One major problem associated with the small intestine is known as small intestinal bacteria overgrowth (SIBO). This condition takes place when bacteria from the large intestine travel and make themselves at home in the small intestine. Once there, they dine on all the carbohydrates that have been broken down by the stomach and continue to multiply causing excess mucous production and inflammation. One solution is to treat this condition with general antibiotics. However, research has shown that this is not a successful long term treatment option. Simple herbal remedies have proven to be very effective in not only treating initial symptoms but also preventing SIBO from reoccurring. 

Many herbs can act as natural antibiotics without the negative repercussions of manufactured antibiotics. Add a sprinkle of these herbs to combat the bacterial invaders that may be making themselves at home in your small intestine. 
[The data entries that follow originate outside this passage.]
lemma cotransitive_low_fan_ending_at:
  assumes ct: "cotransitive I" and dq: "(d,q) \<in> I" "d < q"
  obtains c where "d \<le> c" "(c,q) \<in> low_fan I"
proof (cases "\<forall>c. d < c \<longrightarrow> c \<le> q \<longrightarrow> (d,c) \<in> I")
  case True
  then show thesis using that[of d] dq unfolding low_fan_def by auto
next
  case False
  let ?C = "{c. d < c \<and> c \<le> q \<and> (d,c) \<notin> I}"
  have fin: "finite ?C" by (rule finite_subset[of _ "{..q}"]) auto
  define c0 where "c0 = Max ?C"
  have c0: "c0 \<in> ?C" unfolding c0_def using fin False by (intro Max_in) auto
  have c0_max: "(d,c) \<in> I" if "c0 < c" "c \<le> q" for c
  proof (rule ccontr)
    assume "(d,c) \<notin> I"
    then have "c \<in> ?C" using that c0 by auto
    then show False using Max_ge[OF fin] that(1) unfolding c0_def by fastforce
  qed
  have "c0 < q" using c0 dq by (cases "c0 = q") auto
  moreover have "(c0,c) \<in> I" if "c0 < c" "c \<le> q" for c
    using ct c0 c0_max[OF that] that unfolding cotransitive_def by blast
  ultimately have "(c0,q) \<in> low_fan I" unfolding low_fan_def by auto
  then show thesis using that[of c0] c0 by auto
qed

lemma cotransitive_high_fan_starting_at:
  assumes ct: "cotransitive I" and pd: "(p,d) \<in> I" "p < d"
  obtains c where "c \<le> d" "(p,c) \<in> high_fan I"
proof (cases "\<forall>c. p \<le> c \<longrightarrow> c < d \<longrightarrow> (c,d) \<in> I")
  case True
  then show thesis using that[of d] pd unfolding high_fan_def by auto
next
  case False
  let ?C = "{c. p \<le> c \<and> c < d \<and> (c,d) \<notin> I}"
  have fin: "finite ?C" by (rule finite_subset[of _ "{..d}"]) auto
  define c0 where "c0 = Min ?C"
  have c0: "c0 \<in> ?C" unfolding c0_def using fin False by (intro Min_in) auto
  have c0_min: "(c,d) \<in> I" if "p \<le> c" "c < c0" for c
  proof (rule ccontr)
    assume "(c,d) \<notin> I"
    then have "c \<in> ?C" using that c0 by auto
    then show False using Min_le[OF fin] that(2) unfolding c0_def by fastforce
  qed
  have "p < c0" using c0 pd by (cases "c0 = p") auto
  moreover have "(c,c0) \<in> I" if "p \<le> c" "c < c0" for c
    using ct c0 c0_min[OF that] that unfolding cotransitive_def by blast
  ultimately have "(p,c0) \<in> high_fan I" unfolding high_fan_def by auto
  then show thesis using that[of c0] c0 by auto
qed

text \<open>The fans of a join thus depend on each argument only through its fans.\<close>

lemma low_fan_trancl_Un:
  assumes iI: "increasing_rel I" and iJ: "increasing_rel J" and cI: "cotransitive I"
  shows "(p,q) \<in> low_fan ((I \<union> J)\<^sup>+) \<Longrightarrow> (p,q) \<in> (low_fan I \<union> J)\<^sup>+"
proof (induction q rule: less_induct)
  case (less q)
  let ?W = "(I \<union> J)\<^sup>+"
  have iW: "increasing_rel ?W" by (intro increasing_rel_trancl increasing_rel_Un iI iJ)
  have "(p,q) \<in> ?W" using less.prems low_fan_subset by blast
  then obtain d where d: "(d,q) \<in> I \<union> J" "d = p \<or> (p,d) \<in> ?W"
    by (cases rule: tranclE) auto
  have "p \<le> d" "d < q" using d iW iI iJ unfolding increasing_rel_def by fastforce+
  obtain c where c: "p \<le> c" "(c,q) \<in> low_fan I \<union> J"
  proof (cases "(d,q) \<in> J")
    case True
    then show thesis using that \<open>p \<le> d\<close> by blast
  next
    case False
    then obtain c where "d \<le> c" "(c,q) \<in> low_fan I"
      using cotransitive_low_fan_ending_at[OF cI] d(1) \<open>d < q\<close> by blast
    then show thesis using \<open>p \<le> d\<close> by (meson UnI1 order_trans that)
  qed
  show ?case
  proof (cases "c = p")
    case True
    then show ?thesis using c by auto
  next
    case False
    have "c < q" using c iJ increasing_rel_low_fan unfolding increasing_rel_def by blast
    then have "(p,c) \<in> (low_fan I \<union> J)\<^sup>+"
      using less.IH low_fan_shorten[OF less.prems] False c(1) by simp
    then show ?thesis using c(2) by (rule trancl_into_trancl)
  qed
qed

lemma high_fan_trancl_Un:
  assumes iI: "increasing_rel I" and iJ: "increasing_rel J" and cI: "cotransitive I"
  shows "(p,q) \<in> high_fan ((I \<union> J)\<^sup>+) \<Longrightarrow> (p,q) \<in> (high_fan I \<union> J)\<^sup>+"
proof (induction "q - p" arbitrary: p rule: less_induct)
  case (less p)
  let ?W = "(I \<union> J)\<^sup>+"
  have iW: "increasing_rel ?W" by (intro increasing_rel_trancl increasing_rel_Un iI iJ)
  have "(p,q) \<in> ?W" using less.prems high_fan_subset by blast
  then obtain d where d: "(p,d) \<in> I \<union> J" "d = q \<or> (d,q) \<in> ?W"
    by (cases rule: converse_tranclE) auto
  have "d \<le> q" "p < d" using d iW iI iJ unfolding increasing_rel_def by fastforce+
  obtain c where c: "c \<le> q" "(p,c) \<in> high_fan I \<union> J"
  proof (cases "(p,d) \<in> J")
    case True
    then show thesis using that \<open>d \<le> q\<close> by blast
  next
    case False
    then obtain c where "c \<le> d" "(p,c) \<in> high_fan I"
      using cotransitive_high_fan_starting_at[OF cI] d(1) \<open>p < d\<close> by blast
    then show thesis using \<open>d \<le> q\<close> by (meson UnI1 order_trans that)
  qed
  show ?case
  proof (cases "c = q")
    case True
    then show ?thesis using c by auto
  next
    case False
    have "p < c" using c iJ increasing_rel_high_fan unfolding increasing_rel_def by blast
    then have "(c,q) \<in> (high_fan I \<union> J)\<^sup>+"
      using less.hyps high_fan_shorten[OF less.prems] False c(1) by simp
    then show ?thesis by (rule trancl_into_trancl2[OF c(2)])
  qed
qed

lemma low_fan_trancl_Un_mono:
  assumes "increasing_rel I" "increasing_rel J" "cotransitive I" "low_fan I \<subseteq> K"
  shows "low_fan ((I \<union> J)\<^sup>+) \<subseteq> low_fan ((K \<union> J)\<^sup>+)"
proof (clarsimp simp: low_fan_def[of "(K \<union> J)\<^sup>+"])
  fix p q assume pq: "(p,q) \<in> low_fan ((I \<union> J)\<^sup>+)"
  have "(low_fan I \<union> J)\<^sup>+ \<subseteq> (K \<union> J)\<^sup>+" using assms(4) by (intro trancl_mono_subset) auto
  then show "p < q \<and> (\<forall>c. p < c \<longrightarrow> c \<le> q \<longrightarrow> (p,c) \<in> (K \<union> J)\<^sup>+)"
    using low_fan_trancl_Un[OF assms(1-3)] low_fan_shorten[OF pq] pq unfolding low_fan_def by blast
qed

lemma high_fan_trancl_Un_mono:
  assumes "increasing_rel I" "increasing_rel J" "cotransitive I" "high_fan I \<subseteq> K"
  shows "high_fan ((I \<union> J)\<^sup>+) \<subseteq> high_fan ((K \<union> J)\<^sup>+)"
proof (clarsimp simp: high_fan_def[of "(K \<union> J)\<^sup>+"])
  fix p q assume pq: "(p,q) \<in> high_fan ((I \<union> J)\<^sup>+)"
  have "(high_fan I \<union> J)\<^sup>+ \<subseteq> (K \<union> J)\<^sup>+" using assms(4) by (intro trancl_mono_subset) auto
  then show "p < q \<and> (\<forall>c. p \<le> c \<longrightarrow> c < q \<longrightarrow> (c,q) \<in> (K \<union> J)\<^sup>+)"
    using high_fan_trancl_Un[OF assms(1-3)] high_fan_shorten[OF pq] pq unfolding high_fan_def by blast
qed

lemma increasing_rel_trancl_first_step:
  assumes "increasing_rel M" "(p,c) \<in> M\<^sup>+"
  obtains d where "p < d" "d \<le> c" "(p,d) \<in> M"
  using assms(2)
proof (cases rule: converse_tranclE)
  assume "(p,c) \<in> M"
  then show thesis using that assms(1) unfolding increasing_rel_def by auto
next
  fix d assume "(p,d) \<in> M" "(d,c) \<in> M\<^sup>+"
  then show thesis
    using that[of d] assms(1) increasing_rel_trancl[OF assms(1)] unfolding increasing_rel_def
    by fastforce
qed

lemma increasing_rel_trancl_last_step:
  assumes "increasing_rel M" "(c,q) \<in> M\<^sup>+"
  obtains d where "c \<le> d" "d < q" "(d,q) \<in> M"
  using assms(2)
proof (cases rule: tranclE)
  case base
  then show thesis using that assms(1) unfolding increasing_rel_def by auto
next
  case (step d)
  then show thesis
    using that[of d] assms(1) increasing_rel_trancl[OF assms(1)] unfolding increasing_rel_def
    by fastforce
qed

lemma low_fan_Diff_trancl_Un:
  assumes "increasing_rel (N1 \<union> N2)"
  shows "low_fan (U - (N1 \<union> N2)\<^sup>+) = low_fan (U - N1) \<inter> low_fan (U - N2)"
proof
  show "low_fan (U - (N1 \<union> N2)\<^sup>+) \<subseteq> low_fan (U - N1) \<inter> low_fan (U - N2)"
    by (intro Int_greatest low_fan_mono) auto
  show "low_fan (U - N1) \<inter> low_fan (U - N2) \<subseteq> low_fan (U - (N1 \<union> N2)\<^sup>+)"
  proof
    fix pq assume h: "pq \<in> low_fan (U - N1) \<inter> low_fan (U - N2)"
    then obtain p q where pq: "pq = (p,q)" "p < q" by (auto simp: low_fan_def)
    have "(p,c) \<in> U - (N1 \<union> N2)\<^sup>+" if "p < c" "c \<le> q" for c
    proof
      show "(p,c) \<in> U" using h pq that unfolding low_fan_def by auto
      show "(p,c) \<notin> (N1 \<union> N2)\<^sup>+"
      proof
        assume "(p,c) \<in> (N1 \<union> N2)\<^sup>+"
        then obtain d where "p < d" "d \<le> c" "(p,d) \<in> N1 \<union> N2"
          using increasing_rel_trancl_first_step[OF assms] by blast
        then show False using h pq that unfolding low_fan_def by auto
      qed
    qed
    then show "pq \<in> low_fan (U - (N1 \<union> N2)\<^sup>+)" using pq unfolding low_fan_def by auto
  qed
qed

lemma high_fan_Diff_trancl_Un:
  assumes "increasing_rel (N1 \<union> N2)"
  shows "high_fan (U - (N1 \<union> N2)\<^sup>+) = high_fan (U - N1) \<inter> high_fan (U - N2)"
proof
  show "high_fan (U - (N1 \<union> N2)\<^sup>+) \<subseteq> high_fan (U - N1) \<inter> high_fan (U - N2)"
    by (intro Int_greatest high_fan_mono) auto
  show "high_fan (U - N1) \<inter> high_fan (U - N2) \<subseteq> high_fan (U - (N1 \<union> N2)\<^sup>+)"
  proof
    fix pq assume h: "pq \<in> high_fan (U - N1) \<inter> high_fan (U - N2)"
    then obtain p q where pq: "pq = (p,q)" "p < q" by (auto simp: high_fan_def)
    have "(c,q) \<in> U - (N1 \<union> N2)\<^sup>+" if "p \<le> c" "c < q" for c
    proof
      show "(c,q) \<in> U" using h pq that unfolding high_fan_def by auto
      show "(c,q) \<notin> (N1 \<union> N2)\<^sup>+"
      proof
        assume "(c,q) \<in> (N1 \<union> N2)\<^sup>+"
        then obtain d where "c \<le> d" "d < q" "(d,q) \<in> N1 \<union> N2"
          using increasing_rel_trancl_last_step[OF assms] by blast
        then show False using h pq that unfolding high_fan_def by auto
      qed
    qed
    then show "pq \<in> high_fan (U - (N1 \<union> N2)\<^sup>+)" using pq unfolding high_fan_def by auto
  qed
qed

text \<open>This is the congruence \<open>\<H>({3412, 2413})\<close>, see \<open>H_gen_eq_tb_cong\<close>.\<close>

definition tb_cong :: "nat \<Rightarrow> (nat list \<times> nat list) set" where
  "tb_cong n = {(x,y). x \<in> perms n \<and> y \<in> perms n \<and>
     low_fan (inv_pairs x) = low_fan (inv_pairs y) \<and> high_fan (inv_pairs x) = high_fan (inv_pairs y)}"

lemma equiv_tb_cong: "equiv (perms n) (tb_cong n)"
  unfolding equiv_def refl_on_def sym_def trans_def tb_cong_def by auto

lemma tb_cong_perms: "(x,y) \<in> tb_cong n \<Longrightarrow> x \<in> perms n \<and> y \<in> perms n"
  unfolding tb_cong_def by auto

lemma tb_cong_sym: "(x,y) \<in> tb_cong n \<Longrightarrow> (y,x) \<in> tb_cong n"
  unfolding tb_cong_def by auto

lemma tb_cong_trans: "(x,y) \<in> tb_cong n \<Longrightarrow> (y,z) \<in> tb_cong n \<Longrightarrow> (x,z) \<in> tb_cong n"
  unfolding tb_cong_def by auto

lemma tb_cong_weak_join:
  assumes "(x,y) \<in> tb_cong n" "z \<in> perms n"
  shows "(weak_join n x z, weak_join n y z) \<in> tb_cong n"
proof -
  have x: "x \<in> perms n" and y: "y \<in> perms n"
    and low: "low_fan (inv_pairs x) = low_fan (inv_pairs y)"
    and high: "high_fan (inv_pairs x) = high_fan (inv_pairs y)"
    using assms(1) unfolding tb_cong_def by auto
  note jx = weak_join_inv_pairs[OF x assms(2)] and jy = weak_join_inv_pairs[OF y assms(2)]
  note inc = increasing_rel_inv_pairs and ct = cotransitive_inv_pairs[OF x] cotransitive_inv_pairs[OF y]
  have "low_fan (inv_pairs (weak_join n x z)) = low_fan (inv_pairs (weak_join n y z))"
    using jx jy low low_fan_subset
      low_fan_trancl_Un_mono[OF inc inc ct(1), of "inv_pairs y" z]
      low_fan_trancl_Un_mono[OF inc inc ct(2), of "inv_pairs x" z]
    by (metis subset_antisym)
  moreover have "high_fan (inv_pairs (weak_join n x z)) = high_fan (inv_pairs (weak_join n y z))"
    using jx jy high high_fan_subset
      high_fan_trancl_Un_mono[OF inc inc ct(1), of "inv_pairs y" z]
      high_fan_trancl_Un_mono[OF inc inc ct(2), of "inv_pairs x" z]
    by (metis subset_antisym)
  ultimately show ?thesis using jx jy unfolding tb_cong_def by auto
qed

lemma tb_cong_weak_meet:
  assumes "(x,y) \<in> tb_cong n" "z \<in> perms n"
  shows "(weak_meet n x z, weak_meet n y z) \<in> tb_cong n"
proof -
  have x: "x \<in> perms n" and y: "y \<in> perms n"
    and low: "low_fan (inv_pairs x) = low_fan (inv_pairs y)"
    and high: "high_fan (inv_pairs x) = high_fan (inv_pairs y)"
    using assms(1) unfolding tb_cong_def by auto
  note mx = weak_meet_inv_pairs[OF x assms(2)] and my = weak_meet_inv_pairs[OF y assms(2)]
  note nx = noninv_pairs_props[OF x] and ny = noninv_pairs_props[OF y]
    and nz = noninv_pairs_props[OF assms(2)]
  have inc: "increasing_rel (noninv_pairs n x \<union> noninv_pairs n z)"
    "increasing_rel (noninv_pairs n y \<union> noninv_pairs n z)"
    using nx ny nz by (auto intro: increasing_rel_subset_value_pairs)
  show ?thesis
    using mx my low high nx(4) ny(4) nz(4)
      low_fan_Diff_trancl_Un[OF inc(1)] low_fan_Diff_trancl_Un[OF inc(2)]
      high_fan_Diff_trancl_Un[OF inc(1)] high_fan_Diff_trancl_Un[OF inc(2)]
    unfolding tb_cong_def by simp
qed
  1. Dill – mix this herb with a small amount of butter and drizzle over fresh grilled salmon

  2. Thyme – this savory herb pairs well with lemon on grilled pork chops

  3. Oregano – a classic Italian herb that makes a fine addition to pastas and pizzas

  4. Ginger – makes a fine pairing with sesame atop fresh salads of cabbage, carrots and edamame

Another herb that can not only be beneficial in treating symptoms of SIBO but also constipation is garlic. This herb contains an antimicrobial compound known as allicin. Fresh garlic can be used in nearly any dish from a simple dressing to a savory main. Allicin and the other above mentioned herbs can also be taken as digestive supplements if you do not care for their particular flavor. 

These antimicrobial herbs can be a great start to correct digestive problems that may not have been solved through other traditional methods.

*Note: it is always wise to contact a medical practitioner before beginning self-treatment with herbal supplements. These herbs, while natural, can interact negatively with other medications.